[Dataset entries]
<<<<

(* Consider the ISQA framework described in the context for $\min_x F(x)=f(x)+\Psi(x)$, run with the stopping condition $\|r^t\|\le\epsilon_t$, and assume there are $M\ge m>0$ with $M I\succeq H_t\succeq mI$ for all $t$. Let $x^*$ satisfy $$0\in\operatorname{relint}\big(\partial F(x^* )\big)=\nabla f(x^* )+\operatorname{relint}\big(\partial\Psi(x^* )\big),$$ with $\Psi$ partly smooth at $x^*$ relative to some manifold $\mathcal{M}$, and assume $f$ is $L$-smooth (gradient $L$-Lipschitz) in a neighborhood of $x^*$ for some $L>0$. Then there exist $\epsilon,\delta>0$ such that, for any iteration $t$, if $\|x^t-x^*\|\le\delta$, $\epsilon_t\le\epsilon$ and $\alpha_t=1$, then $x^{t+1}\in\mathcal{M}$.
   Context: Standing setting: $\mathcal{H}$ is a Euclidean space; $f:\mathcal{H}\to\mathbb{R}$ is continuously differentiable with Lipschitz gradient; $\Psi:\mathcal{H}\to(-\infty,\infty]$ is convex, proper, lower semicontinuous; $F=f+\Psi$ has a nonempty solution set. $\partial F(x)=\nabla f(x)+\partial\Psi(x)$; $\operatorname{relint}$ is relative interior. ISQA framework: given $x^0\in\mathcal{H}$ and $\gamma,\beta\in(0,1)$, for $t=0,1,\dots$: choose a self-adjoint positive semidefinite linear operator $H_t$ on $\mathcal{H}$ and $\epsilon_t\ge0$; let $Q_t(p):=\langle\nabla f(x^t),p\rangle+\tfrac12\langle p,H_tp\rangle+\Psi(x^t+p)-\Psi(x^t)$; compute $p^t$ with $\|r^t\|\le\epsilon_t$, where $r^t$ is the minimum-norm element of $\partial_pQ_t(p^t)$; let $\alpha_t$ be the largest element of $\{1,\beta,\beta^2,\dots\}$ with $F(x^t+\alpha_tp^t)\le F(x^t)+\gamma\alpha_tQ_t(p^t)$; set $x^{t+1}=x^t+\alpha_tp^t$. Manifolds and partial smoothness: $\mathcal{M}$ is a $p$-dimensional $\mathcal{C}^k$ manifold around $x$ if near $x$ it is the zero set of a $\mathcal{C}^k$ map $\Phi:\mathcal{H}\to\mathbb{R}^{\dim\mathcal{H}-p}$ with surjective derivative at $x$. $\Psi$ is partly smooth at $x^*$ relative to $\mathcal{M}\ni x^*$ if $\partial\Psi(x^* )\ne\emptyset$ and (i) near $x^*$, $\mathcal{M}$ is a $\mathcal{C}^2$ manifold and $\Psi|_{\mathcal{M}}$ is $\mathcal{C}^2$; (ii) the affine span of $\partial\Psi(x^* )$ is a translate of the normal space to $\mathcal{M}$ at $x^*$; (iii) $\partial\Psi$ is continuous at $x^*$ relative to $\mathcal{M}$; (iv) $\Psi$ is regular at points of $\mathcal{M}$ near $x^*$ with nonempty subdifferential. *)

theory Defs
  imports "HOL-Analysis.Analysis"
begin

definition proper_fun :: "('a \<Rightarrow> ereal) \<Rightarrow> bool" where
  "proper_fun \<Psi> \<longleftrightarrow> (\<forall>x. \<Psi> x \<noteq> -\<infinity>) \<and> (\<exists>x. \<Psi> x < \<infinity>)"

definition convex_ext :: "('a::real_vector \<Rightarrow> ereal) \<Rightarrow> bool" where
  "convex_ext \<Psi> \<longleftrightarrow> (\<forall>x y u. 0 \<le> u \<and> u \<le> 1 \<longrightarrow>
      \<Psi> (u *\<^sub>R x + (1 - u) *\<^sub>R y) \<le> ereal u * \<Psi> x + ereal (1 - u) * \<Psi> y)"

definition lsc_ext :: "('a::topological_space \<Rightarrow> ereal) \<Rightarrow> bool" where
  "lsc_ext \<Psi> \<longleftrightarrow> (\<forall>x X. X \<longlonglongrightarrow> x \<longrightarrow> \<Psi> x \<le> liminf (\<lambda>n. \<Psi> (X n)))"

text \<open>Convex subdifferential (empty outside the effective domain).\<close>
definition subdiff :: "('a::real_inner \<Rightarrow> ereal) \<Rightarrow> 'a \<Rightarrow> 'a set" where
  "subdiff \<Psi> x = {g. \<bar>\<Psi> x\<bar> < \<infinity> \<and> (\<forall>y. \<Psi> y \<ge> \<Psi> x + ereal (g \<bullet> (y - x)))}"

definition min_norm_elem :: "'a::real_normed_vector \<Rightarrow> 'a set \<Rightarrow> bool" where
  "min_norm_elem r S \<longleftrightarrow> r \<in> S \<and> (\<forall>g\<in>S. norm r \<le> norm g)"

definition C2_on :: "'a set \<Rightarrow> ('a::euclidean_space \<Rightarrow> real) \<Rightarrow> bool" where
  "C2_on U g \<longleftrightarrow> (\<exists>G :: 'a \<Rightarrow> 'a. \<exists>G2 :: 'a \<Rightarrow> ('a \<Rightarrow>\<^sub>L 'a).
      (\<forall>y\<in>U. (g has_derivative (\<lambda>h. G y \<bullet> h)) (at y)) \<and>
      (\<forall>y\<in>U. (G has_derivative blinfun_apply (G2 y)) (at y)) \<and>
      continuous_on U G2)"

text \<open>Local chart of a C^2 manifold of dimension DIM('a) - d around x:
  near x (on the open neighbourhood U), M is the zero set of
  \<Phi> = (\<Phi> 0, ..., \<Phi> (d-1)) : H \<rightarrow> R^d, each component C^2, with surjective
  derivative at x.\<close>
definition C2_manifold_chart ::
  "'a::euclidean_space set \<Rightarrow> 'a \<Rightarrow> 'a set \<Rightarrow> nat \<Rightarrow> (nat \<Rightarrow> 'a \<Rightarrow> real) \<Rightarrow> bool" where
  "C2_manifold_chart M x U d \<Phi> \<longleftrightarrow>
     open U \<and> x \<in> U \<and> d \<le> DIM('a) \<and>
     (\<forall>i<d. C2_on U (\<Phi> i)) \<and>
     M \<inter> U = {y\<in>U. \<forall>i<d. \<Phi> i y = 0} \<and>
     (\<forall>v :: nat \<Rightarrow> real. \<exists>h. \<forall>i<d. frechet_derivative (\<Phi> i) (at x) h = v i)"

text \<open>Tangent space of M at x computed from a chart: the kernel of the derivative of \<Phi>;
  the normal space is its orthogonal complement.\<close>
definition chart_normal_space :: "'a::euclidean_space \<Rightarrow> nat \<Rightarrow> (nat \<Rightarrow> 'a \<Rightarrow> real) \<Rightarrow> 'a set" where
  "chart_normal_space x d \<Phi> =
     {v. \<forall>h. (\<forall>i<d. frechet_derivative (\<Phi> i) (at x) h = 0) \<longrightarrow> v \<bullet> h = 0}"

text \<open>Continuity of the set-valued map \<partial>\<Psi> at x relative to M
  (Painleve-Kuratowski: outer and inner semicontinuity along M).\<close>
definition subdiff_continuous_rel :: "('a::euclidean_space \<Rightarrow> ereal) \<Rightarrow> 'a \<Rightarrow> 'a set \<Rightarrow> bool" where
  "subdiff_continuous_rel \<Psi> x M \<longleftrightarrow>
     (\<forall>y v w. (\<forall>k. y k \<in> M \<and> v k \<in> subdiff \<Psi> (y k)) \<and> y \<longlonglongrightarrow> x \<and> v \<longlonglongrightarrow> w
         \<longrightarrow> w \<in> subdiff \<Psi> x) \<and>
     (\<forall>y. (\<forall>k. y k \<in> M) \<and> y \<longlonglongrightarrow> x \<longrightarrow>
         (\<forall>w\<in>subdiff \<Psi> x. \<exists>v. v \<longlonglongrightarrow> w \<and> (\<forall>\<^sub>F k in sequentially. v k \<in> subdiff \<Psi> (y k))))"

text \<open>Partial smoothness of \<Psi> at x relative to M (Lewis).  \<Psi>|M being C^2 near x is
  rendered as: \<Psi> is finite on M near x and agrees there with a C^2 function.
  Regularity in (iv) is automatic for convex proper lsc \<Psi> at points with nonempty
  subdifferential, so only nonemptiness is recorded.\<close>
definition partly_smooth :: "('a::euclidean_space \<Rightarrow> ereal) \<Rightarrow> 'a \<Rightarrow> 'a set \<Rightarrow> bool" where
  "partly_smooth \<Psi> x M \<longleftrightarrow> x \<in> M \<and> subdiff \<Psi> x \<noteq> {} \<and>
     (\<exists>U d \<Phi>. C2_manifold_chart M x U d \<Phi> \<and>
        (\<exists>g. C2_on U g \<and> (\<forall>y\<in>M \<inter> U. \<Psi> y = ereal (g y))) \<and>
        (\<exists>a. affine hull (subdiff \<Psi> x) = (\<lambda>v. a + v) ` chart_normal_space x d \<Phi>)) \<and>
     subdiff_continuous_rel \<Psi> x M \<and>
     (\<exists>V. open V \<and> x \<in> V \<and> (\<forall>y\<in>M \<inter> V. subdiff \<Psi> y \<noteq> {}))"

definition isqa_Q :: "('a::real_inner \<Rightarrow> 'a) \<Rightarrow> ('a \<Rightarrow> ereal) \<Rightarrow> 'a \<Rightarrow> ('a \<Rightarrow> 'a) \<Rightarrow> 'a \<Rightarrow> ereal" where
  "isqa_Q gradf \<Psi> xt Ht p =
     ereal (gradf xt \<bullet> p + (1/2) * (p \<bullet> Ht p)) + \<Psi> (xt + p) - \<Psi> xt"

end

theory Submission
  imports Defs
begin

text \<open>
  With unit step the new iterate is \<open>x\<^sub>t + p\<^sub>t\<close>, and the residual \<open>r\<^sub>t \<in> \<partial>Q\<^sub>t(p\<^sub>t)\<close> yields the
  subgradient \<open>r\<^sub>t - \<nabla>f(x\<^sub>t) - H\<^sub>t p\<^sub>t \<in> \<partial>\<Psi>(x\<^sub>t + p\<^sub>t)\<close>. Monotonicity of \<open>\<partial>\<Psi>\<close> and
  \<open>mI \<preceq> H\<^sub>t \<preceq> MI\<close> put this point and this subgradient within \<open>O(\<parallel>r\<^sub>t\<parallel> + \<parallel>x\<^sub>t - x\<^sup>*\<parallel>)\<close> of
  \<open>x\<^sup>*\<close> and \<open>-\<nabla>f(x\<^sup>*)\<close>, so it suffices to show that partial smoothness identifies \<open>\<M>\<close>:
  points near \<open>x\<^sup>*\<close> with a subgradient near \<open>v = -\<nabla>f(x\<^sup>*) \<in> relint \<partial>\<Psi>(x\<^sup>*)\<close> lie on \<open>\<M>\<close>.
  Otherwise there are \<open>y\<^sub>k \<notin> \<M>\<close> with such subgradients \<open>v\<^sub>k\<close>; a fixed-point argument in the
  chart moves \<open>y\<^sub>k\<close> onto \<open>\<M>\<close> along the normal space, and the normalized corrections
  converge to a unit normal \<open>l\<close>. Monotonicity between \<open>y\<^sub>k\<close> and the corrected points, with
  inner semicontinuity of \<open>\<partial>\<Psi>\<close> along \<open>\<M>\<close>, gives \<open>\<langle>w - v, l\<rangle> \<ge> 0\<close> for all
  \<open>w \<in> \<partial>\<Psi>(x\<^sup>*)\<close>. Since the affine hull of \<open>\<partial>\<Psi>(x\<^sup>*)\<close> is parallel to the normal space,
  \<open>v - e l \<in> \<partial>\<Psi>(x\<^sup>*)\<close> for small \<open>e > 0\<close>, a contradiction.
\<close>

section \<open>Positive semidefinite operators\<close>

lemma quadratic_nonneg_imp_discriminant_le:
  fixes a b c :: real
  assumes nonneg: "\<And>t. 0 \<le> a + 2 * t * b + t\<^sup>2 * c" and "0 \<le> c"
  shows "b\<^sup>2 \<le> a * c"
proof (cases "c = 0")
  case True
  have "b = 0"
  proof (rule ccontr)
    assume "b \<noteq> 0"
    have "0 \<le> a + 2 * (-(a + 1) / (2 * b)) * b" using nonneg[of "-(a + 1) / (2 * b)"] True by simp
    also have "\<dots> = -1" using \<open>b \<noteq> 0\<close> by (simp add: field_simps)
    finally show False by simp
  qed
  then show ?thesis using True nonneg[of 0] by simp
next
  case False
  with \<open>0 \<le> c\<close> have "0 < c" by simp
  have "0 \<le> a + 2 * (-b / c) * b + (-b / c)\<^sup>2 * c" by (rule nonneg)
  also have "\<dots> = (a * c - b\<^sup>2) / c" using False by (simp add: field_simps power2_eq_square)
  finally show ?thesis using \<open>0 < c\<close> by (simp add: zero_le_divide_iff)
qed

>>>>

How to complete this task
Report every line of the records that contains the word "along".

Output of the exercise
  (Painleve-Kuratowski: outer and inner semicontinuity along M).\<close>
  chart moves \<open>y\<^sub>k\<close> onto \<open>\<M>\<close> along the normal space, and the normalized corrections
  inner semicontinuity of \<open>\<partial>\<Psi>\<close> along \<open>\<M>\<close>, gives \<open>\<langle>w - v, l\<rangle> \<ge> 0\<close> for all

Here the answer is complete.